Re: Stereo > Mono Downmixing on iOS
Re: Stereo > Mono Downmixing on iOS
- Subject: Re: Stereo > Mono Downmixing on iOS
- From: Brian Willoughby <email@hidden>
- Date: Wed, 06 Apr 2011 15:29:34 -0700
On Apr 6, 2011, at 00:53, tahome izwah wrote:
Hi Brian,
Another factor is that it is entirely possible and well-proven
that signals
below the noise floor can still be discerned by the human hearing
system.
That's exactly the information I am looking for, except that you don't
provide a link to any work that would prove or disprove this theory,
either. I'd be curious if this is just a logical conclusion (which
makes total sense to me, no doubt about this) or if it can really be
backed up by a double blind study.
Darn it. I learned most of what I pass on via local Audio
Engineering Society meetings. The problem is that, although the
presenters often provide papers with references, they also cover lots
of 'facts' which do not come with citations. One relevant example is
this: Analog audio tape has maybe 60 dB of S/N ratio, and yet we can
hear music on that tape which is below the -60 dB point despite the
tape hiss. The hiss may be audible and annoying, but it does not
stop us from hearing sounds that are softer. These sorts of 'facts'
come from folks like J. J. Johnston, who worked with Bell Labs to
discover most of what we know about human perception of sound. I
scanned my PDF documents from the AES meetings, but could not find
any specific references on your question above.

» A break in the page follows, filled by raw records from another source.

(* In the resource theory of unital maps on a $d$-dimensional Hilbert space, with the currency $\mathcal C=\{C^k\}_{k=1}^d\cup\{\Omega\}$, $C^k=\{\Pi^k/k\}$, $\mathrm{Val}(C^k)=\log d-\log k$, $\mathrm{Val}(\Omega)=0$, for every density operator $\rho$ and every $0\le\varepsilon\le1$, $$\mathrm{Cost}(\mathcal B^\varepsilon(\rho))=\log d-\sup_{\sigma\in\mathcal B^\varepsilon(\rho)}\log\big\lfloor 2^{H_{\min}(\sigma)}\big\rfloor=\log d-\log\big\lfloor 2^{H_{\min}^\varepsilon(\rho)}\big\rfloor.$$
   Context: $\Omega$ is the set of density operators on a Hilbert space of dimension $d$ with fixed orthonormal basis; $\Pi^k$ is the projector onto the first $k$ basis vectors. Allowed transformations: $f_{\mathcal E}(V)=\{\mathcal E(\rho):\rho\in V\}$ for unital CPTP maps $\mathcal E$; $V\to W$ iff some such $\mathcal E$ maps every element of $V$ into $W$. $\mathrm{Cost}(V)=\inf\{\mathrm{Val}(C):C\in\mathcal C,\ C\to V\}$. $\mathcal B^\varepsilon(\rho)=\{\sigma\in\Omega: D(\sigma,\rho)\le\varepsilon\}$ is the closed $\varepsilon$-ball around $\rho$ with respect to a fixed continuous metric $D$ on density operators (e.g. trace distance). $H_{\min}(\sigma)=-\log\lambda_{\max}(\sigma)$ ($\lambda_{\max}$ the largest eigenvalue) and $H^\varepsilon_{\min}(\rho)=\sup_{\sigma\in\mathcal B^\varepsilon(\rho)}H_{\min}(\sigma)$; $\lfloor\cdot\rfloor$ is the floor; logarithms base 2. *)

theory Defs
  imports "Jordan_Normal_Form.Matrix" "Jordan_Normal_Form.Char_Poly"
    "Jordan_Normal_Form.Schur_Decomposition"
begin

text \<open>Operators on a d-dimensional Hilbert space with fixed orthonormal basis
  e_0,...,e_{d-1} are represented as complex d x d matrices (JNF type mat).\<close>

definition psd :: "nat \<Rightarrow> complex mat \<Rightarrow> bool" where
  "psd n A \<longleftrightarrow> A \<in> carrier_mat n n \<and>
     (\<forall>v \<in> carrier_vec n. let q = (\<Sum>i<n. cnj (v $ i) * (A *\<^sub>v v) $ i) in Im q = 0 \<and> Re q \<ge> 0)"

definition mtrace :: "complex mat \<Rightarrow> complex" where
  "mtrace A = (\<Sum>i<dim_row A. A $$ (i,i))"

definition states :: "nat \<Rightarrow> complex mat set" where
  "states d = {\<rho>. psd d \<rho> \<and> mtrace \<rho> = 1}"

text \<open>id_k tensor E, acting blockwise on a (k*d) x (k*d) matrix (ancilla as first factor).\<close>
definition ampl :: "nat \<Rightarrow> nat \<Rightarrow> (complex mat \<Rightarrow> complex mat) \<Rightarrow> complex mat \<Rightarrow> complex mat" where
  "ampl d k E M = mat (k*d) (k*d) (\<lambda>(i,j).
      E (mat d d (\<lambda>(p,q). M $$ ((i div d)*d + p, (j div d)*d + q))) $$ (i mod d, j mod d))"

definition linear_map :: "nat \<Rightarrow> (complex mat \<Rightarrow> complex mat) \<Rightarrow> bool" where
  "linear_map d E \<longleftrightarrow>
     (\<forall>A \<in> carrier_mat d d. E A \<in> carrier_mat d d) \<and>
     (\<forall>A \<in> carrier_mat d d. \<forall>B \<in> carrier_mat d d. E (A + B) = E A + E B) \<and>
     (\<forall>A \<in> carrier_mat d d. \<forall>c. E (c \<cdot>\<^sub>m A) = c \<cdot>\<^sub>m E A)"

definition completely_positive :: "nat \<Rightarrow> (complex mat \<Rightarrow> complex mat) \<Rightarrow> bool" where
  "completely_positive d E \<longleftrightarrow> (\<forall>k M. psd (k*d) M \<longrightarrow> psd (k*d) (ampl d k E M))"

definition trace_preserving :: "nat \<Rightarrow> (complex mat \<Rightarrow> complex mat) \<Rightarrow> bool" where
  "trace_preserving d E \<longleftrightarrow> (\<forall>A \<in> carrier_mat d d. mtrace (E A) = mtrace A)"

definition unital :: "nat \<Rightarrow> (complex mat \<Rightarrow> complex mat) \<Rightarrow> bool" where
  "unital d E \<longleftrightarrow> E (1\<^sub>m d) = 1\<^sub>m d"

On a hunch, I checked Bob Katz' book "Mastering Audio" and found the
digital equivalent of this statement (that we can hear signals below
the noise floor) supported on p. 55. That's a great book for
learning about audio and digital audio.
Thus, if your algorithms are entirely oblivious to what occurs
below -100
dBFS, then there could easily be audible problems.

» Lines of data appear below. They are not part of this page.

(* Let $\mathcal{G}$ be a simple temporal clique on $n$ vertices and let $\mathcal{T}^+=(V,E^+_T)$ be obtained by the backward construction (for any choice of the arbitrary choices). Then the number of collectors is at most $n/2$.
   Context: A simple temporal clique is a pair $\mathcal{G}=(G,\lambda)$ where $G=(V,E)$ is the complete graph on a finite set $V$ of $n$ vertices and $\lambda:E\to\mathbb{N}$ assigns to each edge a single integer label such that any two distinct edges sharing an endpoint have different labels; the label of an arc $(x,y)$ is $\lambda(\{x,y\})$. For a vertex $v$, $e^+(v)$ is the edge incident to $v$ with largest label. Backward construction: let $E^+$ be the set of arcs $(v,u)$ with $\{u,v\}=e^+(v)$, except that if $e^+(u)=e^+(v)=\{u,v\}$ only one of the two arcs $(u,v),(v,u)$ is included (arbitrarily). Initialize $E^+_T:=E^+$. For every vertex $v$ of in-degree at least $2$ in $(V,E^+)$, let $(u_1,v),\dots,(u_\ell,v)$ be its in-arcs in $E^+$, where $(u_\ell,v)$ has the smallest label; for each $i<\ell$, if $u_i$ has in-degree $0$ in $(V,E^+)$, replace $(u_i,v)$ by $(v,u_i)$ in $E^+_T$, and otherwise remove $(u_i,v)$ from $E^+_T$. Set $\mathcal{T}^+=(V,E^+_T)$. A collector is a vertex of in-degree $0$ in $\mathcal{T}^+$. *)

theory Defs
  imports Main
begin

definition cedges :: "'a set \<Rightarrow> 'a set set" where
  "cedges V = {{x, y} | x y. x \<in> V \<and> y \<in> V \<and> x \<noteq> y}"

definition simple_temporal_clique :: "'a set \<Rightarrow> ('a set \<Rightarrow> nat) \<Rightarrow> bool" where
  "simple_temporal_clique V lam \<longleftrightarrow> finite V \<and>
     (\<forall>e \<in> cedges V. \<forall>f \<in> cedges V. e \<noteq> f \<and> e \<inter> f \<noteq> {} \<longrightarrow> lam e \<noteq> lam f)"

definition eplus :: "'a set \<Rightarrow> ('a set \<Rightarrow> nat) \<Rightarrow> 'a \<Rightarrow> 'a set" where
  "eplus V lam v = (THE e. e \<in> cedges V \<and> v \<in> e \<and>
      (\<forall>f \<in> cedges V. v \<in> f \<longrightarrow> lam f \<le> lam e))"

text \<open>Ep is a valid choice of the arc set E^+: it contains the arc (v,u) for
  every v with e^+(v) = {u,v}, except that when e^+(u) = e^+(v) = {u,v} exactly
  one of (u,v), (v,u) is included (the arbitrary choice).\<close>
definition is_Eplus :: "'a set \<Rightarrow> ('a set \<Rightarrow> nat) \<Rightarrow> ('a \<times> 'a) set \<Rightarrow> bool" where
  "is_Eplus V lam Ep \<longleftrightarrow>
     Ep \<subseteq> {(v, u). v \<in> V \<and> u \<in> V \<and> v \<noteq> u \<and> eplus V lam v = {u, v}} \<and>
     (\<forall>v \<in> V. \<forall>u \<in> V. v \<noteq> u \<and> eplus V lam v = {u, v} \<longrightarrow>
        ((v, u) \<in> Ep \<or> (u, v) \<in> Ep) \<and> \<not> ((v, u) \<in> Ep \<and> (u, v) \<in> Ep))"

definition indeg :: "('a \<times> 'a) set \<Rightarrow> 'a \<Rightarrow> nat" where
  "indeg A v = card {u. (u, v) \<in> A}"

definition min_in_arc :: "('a set \<Rightarrow> nat) \<Rightarrow> ('a \<times> 'a) set \<Rightarrow> 'a \<Rightarrow> 'a \<Rightarrow> bool" where
  "min_in_arc lam Ep u v \<longleftrightarrow> (u, v) \<in> Ep \<and>
     (\<forall>w. (w, v) \<in> Ep \<longrightarrow> lam {u, v} \<le> lam {w, v})"

definition ET :: "('a set \<Rightarrow> nat) \<Rightarrow> ('a \<times> 'a) set \<Rightarrow> ('a \<times> 'a) set" where
  "ET lam Ep =
     {(u, v). (u, v) \<in> Ep \<and> (indeg Ep v < 2 \<or> min_in_arc lam Ep u v)}
     \<union> {(v, u). (u, v) \<in> Ep \<and> indeg Ep v \<ge> 2 \<and> \<not> min_in_arc lam Ep u v \<and> indeg Ep u = 0}"

definition collectors :: "'a set \<Rightarrow> ('a set \<Rightarrow> nat) \<Rightarrow> ('a \<times> 'a) set \<Rightarrow> 'a set" where
  "collectors V lam Ep = {v \<in> V. indeg (ET lam Ep) v = 0}"

end

theory Submission
  imports Defs
begin

(* A collector c has no in-arc in E^+ at all: otherwise the smallest-labelled in-arc of c would
   survive in E^+_T. So the arc of E^+ along e^+(c) leaves c, and its head w is not a collector.
   This arc is not reversed, since that would give c an in-arc in E^+_T, so it survives. If two
   collectors shared the head w, then w would have in-degree at least 2 in E^+, both surviving
   arcs would have to be the smallest-labelled in-arc of w, and the two edges at w would carry
   the same label. So c \<mapsto> w injects the collectors into the non-collectors. *)

lemma finite_in_neighbours:
  assumes "finite A"
  shows "finite {u. (u, v) \<in> A}"
proof -
  have "{u. (u, v) \<in> A} \<subseteq> fst ` A" by force
  then show ?thesis using assms finite_subset by blast
qed

lemma indeg_eq_0_iff:
  assumes "finite A"
  shows "indeg A v = 0 \<longleftrightarrow> (\<forall>u. (u, v) \<notin> A)"
  using finite_in_neighbours[OF assms] unfolding indeg_def by auto

lemma two_le_indeg:
  assumes "finite A" "(u, v) \<in> A" "(u', v) \<in> A" "u \<noteq> u'"
  shows "2 \<le> indeg A v"
proof -
  have "finite {u. (u, v) \<in> A}" using finite_in_neighbours[OF assms(1)] .
  moreover have "{u, u'} \<subseteq> {u. (u, v) \<in> A}" using assms(2,3) by blast
  ultimately have "card {u, u'} \<le> indeg A v" unfolding indeg_def by (rule card_mono)
  then show ?thesis using assms(4) by simp
qed

lemma simple_temporal_clique_label_neq:
  assumes "simple_temporal_clique V lam" "{u, w} \<in> cedges V" "{u', w} \<in> cedges V" "u \<noteq> u'"
  shows "lam {u, w} \<noteq> lam {u', w}"
proof -
  have "{u, w} \<noteq> {u', w}" using assms(4) by (metis doubleton_eq_iff)
  moreover have "{u, w} \<inter> {u', w} \<noteq> {}" by blast
  ultimately show ?thesis using assms(1-3) unfolding simple_temporal_clique_def by metis
qed

lemma eplus_eqI:
  assumes "simple_temporal_clique V lam" "e \<in> cedges V" "v \<in> e"
    and "\<forall>f \<in> cedges V. v \<in> f \<longrightarrow> lam f \<le> lam e"
  shows "eplus V lam v = e"
  unfolding eplus_def
proof (rule the_equality)
  fix e' assume e': "e' \<in> cedges V \<and> v \<in> e' \<and> (\<forall>f \<in> cedges V. v \<in> f \<longrightarrow> lam f \<le> lam e')"
  then have "lam e' = lam e" using assms by (simp add: le_antisym)
  then show "e' = e" using e' assms unfolding simple_temporal_clique_def by blast
qed (use assms in blast)

lemma eplus_eq_doubleton:
  assumes "simple_temporal_clique V lam" "v \<in> V" "u0 \<in> V" "u0 \<noteq> v"
  shows "\<exists>u \<in> V. u \<noteq> v \<and> eplus V lam v = {u, v}"
proof -
  define S where "S = {e \<in> cedges V. v \<in> e}"
  have "finite V" using assms(1) by (simp add: simple_temporal_clique_def)
  moreover have "S \<subseteq> Pow V" unfolding S_def cedges_def by auto
  ultimately have "finite S" by (simp add: finite_subset)
  moreover have "{u0, v} \<in> S" unfolding S_def cedges_def using assms(2-4) by blast
  ultimately have "Max (lam ` S) \<in> lam ` S" by (intro Max_in) auto
  then obtain e where e: "e \<in> S" "lam e = Max (lam ` S)" by force
  then have "\<forall>f \<in> S. lam f \<le> lam e" using \<open>finite S\<close> by simp
  then have "eplus V lam v = e" using assms(1) e(1) by (intro eplus_eqI) (auto simp: S_def)
  moreover obtain x y where "e = {x, y}" "x \<in> V" "y \<in> V" "x \<noteq> y" "v \<in> e"
    using e(1) unfolding S_def cedges_def by blast
  ultimately show ?thesis by (metis insert_commute empty_iff insert_iff)
qed

lemma is_Eplus_arcD:
  assumes "is_Eplus V lam Ep" "(v, u) \<in> Ep"
  shows "v \<in> V" "u \<in> V" "v \<noteq> u" "{v, u} \<in> cedges V"
  using assms unfolding is_Eplus_def cedges_def by blast+

lemma is_Eplus_eplus_arc:
  assumes "is_Eplus V lam Ep" "v \<in> V" "u \<in> V" "v \<noteq> u" "eplus V lam v = {u, v}"
  shows "(v, u) \<in> Ep \<or> (u, v) \<in> Ep"
  using assms unfolding is_Eplus_def by blast

lemma is_Eplus_finite:
  assumes "finite V" "is_Eplus V lam Ep"
  shows "finite Ep"
proof -
  have "Ep \<subseteq> V \<times> V" using is_Eplus_arcD[OF assms(2)] by auto
  then show ?thesis using assms(1) finite_subset by blast
qed

lemma ET_subset: "ET lam Ep \<subseteq> Ep \<union> converse Ep"
  unfolding ET_def by auto

lemma min_in_arc_exists:
  assumes "(u, v) \<in> Ep"
  shows "\<exists>w. min_in_arc lam Ep w v"
  using ex_has_least_nat[of "\<lambda>w. (w, v) \<in> Ep" u "\<lambda>w. lam {w, v}"] assms
  unfolding min_in_arc_def by blast

lemma min_in_arc_in_ET:
  assumes "min_in_arc lam Ep w v"
  shows "(w, v) \<in> ET lam Ep"
  using assms unfolding ET_def min_in_arc_def by auto

lemma min_in_arc_unique:
  assumes "simple_temporal_clique V lam" "is_Eplus V lam Ep"
    and "min_in_arc lam Ep u v" "min_in_arc lam Ep u' v"
  shows "u = u'"
proof (rule ccontr)
  assume "u \<noteq> u'"
  have arcs: "(u, v) \<in> Ep" "(u', v) \<in> Ep" using assms(3,4) unfolding min_in_arc_def by blast+
  then have "lam {u, v} = lam {u', v}"
    using assms(3,4) unfolding min_in_arc_def by (meson le_antisym)
  moreover have "{u, v} \<in> cedges V" "{u', v} \<in> cedges V"
    using is_Eplus_arcD(4)[OF assms(2)] arcs by blast+
  ultimately show False using simple_temporal_clique_label_neq[OF assms(1)] \<open>u \<noteq> u'\<close> by blast
qed

lemma no_in_arc_if_no_ET_in_arc:
  assumes "\<forall>u. (u, v) \<notin> ET lam Ep"
  shows "(u, v) \<notin> Ep"
  using assms min_in_arc_exists min_in_arc_in_ET by metis

lemma out_arc_of_source_in_ET:
  assumes "(c, w) \<in> Ep" "indeg Ep c = 0" "\<forall>u. (u, c) \<notin> ET lam Ep"
  shows "(c, w) \<in> ET lam Ep"
proof (rule ccontr)
  assume "(c, w) \<notin> ET lam Ep"
  then have "2 \<le> indeg Ep w" "\<not> min_in_arc lam Ep c w" using assms(1) unfolding ET_def by auto
  then have "(w, c) \<in> ET lam Ep" using assms(1,2) unfolding ET_def by blast
  then show False using assms(3) by blast
qed

lemma ET_arc_min_in_arc:
  assumes "(c, w) \<in> ET lam Ep" "(w, c) \<notin> Ep" "2 \<le> indeg Ep w"
  shows "min_in_arc lam Ep c w"
  using assms unfolding ET_def by auto

lemma card_le_half_if_inj_into_complement:
  assumes "finite V" "C \<subseteq> V" "inj_on f C" "f ` C \<subseteq> V - C"
  shows "2 * card C \<le> card V"
proof -
  have "card C \<le> card (V - C)" using card_inj_on_le[OF assms(3,4)] assms(1) by simp
  moreover have "card (V - C) = card V - card C" using assms(1,2) by (simp add: card_Diff_subset finite_subset)
  moreover have "card C \<le> card V" using assms(1,2) card_mono by blast
  ultimately show ?thesis by linarith
qed

context
  fixes V :: "'a set" and lam :: "'a set \<Rightarrow> nat" and Ep :: "('a \<times> 'a) set"
  assumes stc: "simple_temporal_clique V lam" and Eplus: "is_Eplus V lam Ep"
begin

lemma finite_Ep: "finite Ep"
  using is_Eplus_finite[OF _ Eplus] stc by (simp add: simple_temporal_clique_def)

lemma collector_no_ET_in_arc:
  assumes "c \<in> collectors V lam Ep"
  shows "(u, c) \<notin> ET lam Ep"
proof -
  have "finite (ET lam Ep)" by (rule finite_subset[OF ET_subset]) (simp add: finite_Ep)
  moreover have "indeg (ET lam Ep) c = 0" using assms unfolding collectors_def by simp
  ultimately show ?thesis using indeg_eq_0_iff[of "ET lam Ep" c] by simp
qed

lemma collector_no_in_arc:
  assumes "c \<in> collectors V lam Ep"
  shows "(u, c) \<notin> Ep"
  using no_in_arc_if_no_ET_in_arc collector_no_ET_in_arc[OF assms] by metis

lemma collector_out_arc:
  assumes "c \<in> collectors V lam Ep" "2 \<le> card V"
  shows "\<exists>w. (c, w) \<in> Ep"
proof -
  have "c \<in> V" using assms(1) unfolding collectors_def by blast
  moreover have "\<exists>u0 \<in> V. u0 \<noteq> c"
  proof (rule ccontr)
    assume "\<not> ?thesis"
    then have "V \<subseteq> {c}" by auto
    then have "card V \<le> 1" using card_mono[of "{c}" V] by simp
    then show False using assms(2) by simp
  qed
  ultimately obtain u where "u \<in> V" "u \<noteq> c" "eplus V lam c = {u, c}"
    using eplus_eq_doubleton[OF stc] by blast
  then have "(c, u) \<in> Ep \<or> (u, c) \<in> Ep" using is_Eplus_eplus_arc[OF Eplus \<open>c \<in> V\<close>] by blast
  then show ?thesis using collector_no_in_arc[OF assms(1)] by blast
qed

lemma collector_out_arc_in_ET:
  assumes "c \<in> collectors V lam Ep" "(c, w) \<in> Ep"
  shows "(c, w) \<in> ET lam Ep"
proof -
  have "indeg Ep c = 0" using collector_no_in_arc[OF assms(1)] indeg_eq_0_iff[OF finite_Ep] by simp
  then show ?thesis
    using out_arc_of_source_in_ET[OF assms(2)] collector_no_ET_in_arc[OF assms(1)] by simp
qed

lemma collectors_share_no_out_neighbour:
  assumes "c \<in> collectors V lam Ep" "c' \<in> collectors V lam Ep" "(c, w) \<in> Ep" "(c', w) \<in> Ep"
  shows "c = c'"
proof (rule ccontr)
  assume "c \<noteq> c'"
  then have "2 \<le> indeg Ep w" using two_le_indeg[OF finite_Ep assms(3,4)] by simp
  then have "min_in_arc lam Ep c w" "min_in_arc lam Ep c' w"
    using ET_arc_min_in_arc collector_out_arc_in_ET collector_no_in_arc assms by metis+
  then show False using min_in_arc_unique[OF stc Eplus] \<open>c \<noteq> c'\<close> by blast
qed

end

theorem lemma5:
  fixes V :: "'a set" and lam :: "'a set \<Rightarrow> nat" and Ep :: "('a \<times> 'a) set"
  assumes "simple_temporal_clique V lam"
    and "card V \<ge> 2"
    and "is_Eplus V lam Ep"
  shows "2 * card (collectors V lam Ep) \<le> card V"
proof -
  define C where "C = collectors V lam Ep"
  define f where "f c = (SOME w. (c, w) \<in> Ep)" for c
  have f_arc: "(c, f c) \<in> Ep" if "c \<in> C" for c
    unfolding f_def using collector_out_arc[OF assms(1,3)] that assms(2) C_def by (metis someI_ex)
  have "inj_on f C"
    using collectors_share_no_out_neighbour[OF assms(1,3)] f_arc C_def by (metis inj_onI)
  moreover have "f ` C \<subseteq> V - C"
    using f_arc is_Eplus_arcD(2)[OF assms(3)] collector_no_in_arc[OF assms(1,3)] C_def by blast
  moreover have "finite V" "C \<subseteq> V"
    using assms(1) unfolding simple_temporal_clique_def C_def collectors_def by auto
  ultimately show ?thesis using card_le_half_if_inj_into_complement C_def by blast
qed

end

Since this thread started with stereo-to-mono down-mixing, it's
fairly easy
to say that 32-bit is plenty.
But won't this give rise to exactly the problems (correlated noise)
that you mention above?
Good point. I left out an important step: dithering. Any time your
processing promotes the bit depth beyond what your DAC can handle,
you will need to dither the results to that specific depth. I sort
of take this for granted, because I use the Metric Halo Labs MobileIO
FireWire audio interface for all CoreAudio listening, and the 32-bit
canonical format is dithered to 24-bit before conversion to analog
(not by default, but because I set up a graph which does that).
However, if you carefully plan the gain so that there is only a
single significant digit, i.e., multiply or divide by a precise
multiple of 2, then you may not need dithering and there won't be any
quantization problems. Say you have two 16-bit inputs, left and
right channels from a 16-bit stereo source, you mix them into a 17-
bit intermediate and then divide by 2 ... this will not exceed the
precise range of 32-bit float, and you won't have any problems
converting that to analog with a 24-bit DAC. The iPhone would
require dither, though, since it is limited to 16-bit DAC output.